The lipid trait class names and acyl chain properties are listed in Table 2A. *Variant region reported as significant for basic lipids by GLGC (Willer et al., 2013).
We considered in more detail rs7412, which is a missense variant in the APOE gene and is known for its effect on LDL, as reported, for example, in the GLGC analysis (Willer et al., 2013). With the lipidomics data, this variant would not have been identified from any of the 21 univariate GWAS as the smallest univariate P-value was 1.1e-4 (trait PCO23, Supplementary Figure S3.6). On contrary, the multivariate GWAS by MetaPhat clearly highlighted this variant associated with the multivariate lipidomics (P = 4.2e-13) and further determined that the association was driven by CE14 and PCO23 (P-value after excluding these driver traits is 1.8e-06). The BIC-optimal subset for this variant extended the drivers by one additional trait and included CE14, PC36, and PCO23, which form the central traits. The trace plots for rs7412 are shown in Figure 2A (P-values for defining driver traits) and Figure 2B (BIC for defining optimal subset).
FIGURE 2

MetaPhat results using multivariate lipidomics data. (A) Trace plot of rs7412 identifies CE14 and PCO23 as the driver traits. (B) CE14, PC36, and PCO23 form the optimal subset as defined by minimum BIC (highest negative BIC). (C) Trait importance map of each SNP is the rank on the lowest trace where the rankings are transformed to the range of 0 and 1 values, with darker blue shades representing the most important traits of the multivariate association. (D) SNP similarity based on the rank correlation on the lowest trace.

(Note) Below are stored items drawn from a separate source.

definition poncelet_curve :: "(complex \<Rightarrow> complex) \<Rightarrow> complex set \<Rightarrow> bool" where
  "poncelet_curve B E \<longleftrightarrow>
     (\<forall>l. cmod l = 1 \<longrightarrow>
        (let S = {z. cmod z = 1 \<and> B z = l} in
         inscribed_in_polygon E S {(z, w). consecutive_on_circle S z w}))"

end

theory Submission
  imports Defs
begin

(* Let the rectangle have vertices +-a, +-b on the unit circle, put q = (a^2 + b^2)/2 and
   B(z) = z^2 (z^2 - q) / (1 - conj q z^2), a degree-two Blaschke product composed with z^2.
   For |l| = 1 the equation B(z) = l is a quadratic in w = z^2 whose roots w1, w2 are distinct,
   lie on the unit circle and satisfy w1 + w2 = q + conj q w1 w2.  Hence every level set of B on
   the circle is again a rectangle {+-s1, +-s2} with s1^2 + s2^2 = q + conj q s1^2 s2^2, a relation
   the given rectangle satisfies as well.  The ellipse with foci +-sqrt q and major semi-axis
   R = sqrt ((1 + |q|)/2) has support function h with h(n)^2 = (R^2 - |q|) |n|^2 + (sqrt q . n)^2,
   and this relation says exactly that h(n) = |n|^2 for n = (s1 +- s2)/2, the feet of the
   perpendiculars from 0 to the sides: the ellipse is tangent to all four sides. *)

definition focal_ellipse :: "'a::real_normed_vector \<Rightarrow> real \<Rightarrow> 'a set" where
  "focal_ellipse r R = {z. dist z r + dist z (-r) = 2 * R}"

lemma is_ellipse_focal_ellipse: "cmod r < R \<Longrightarrow> is_ellipse (focal_ellipse r R)"
  unfolding is_ellipse_def focal_ellipse_def
  by (intro exI[of _ r] exI[of _ "-r"] exI[of _ R]) (simp add: dist_norm)

lemma inner_self_less_square: "norm x < R \<Longrightarrow> x \<bullet> x < R\<^sup>2"
  by (metis norm_ge_zero power2_norm_eq_inner power_strict_mono zero_less_numeral)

Variants rs66505542 near BUD13 and rs261290 near ALDH1A2 both have only one driver trait (PI9 for BUD13 and PE7 for ALDH1A2) and three or five central traits (Table 3). Earlier, the APOA1 variant rs964184 within 100 kb of rs66505542 has been reported to be associated with TG (lead trait, P = 7.0e-224), TC, HDL, and LDL in GLGC data and rs66505542 itself with several cell phenotypes (platelet count, red cell distribution width, sum of eosinophil and basophil counts) in the GWAS catalog, while rs261290 has been reported to be associated with HDL (lead trait, P = 1.0e-188), TC, and TG in GLGC data (mapped to LIPC gene) and with HDL in the GWAS catalog.
A very different picture emerges for rs174567 near FADS1/2 since its 18 central traits show its wide effects across the lipidomics traits studied here. Previously reported FADS1/2 associations are with all lipid traits (TG lead trait, P = 7.0e-38) in GLGC data and with metabolite measurements and gallstones in the GWAS catalog.
Trait importance map that clusters each variant based on the lowest trace is shown in Figure 2C and the similarity of the variants as measured by rank correlation of the traits on the lowest trace is shown in Figure 2D. The trace plots for the other six variants than rs7412 are shown in Supplementary Figure S1.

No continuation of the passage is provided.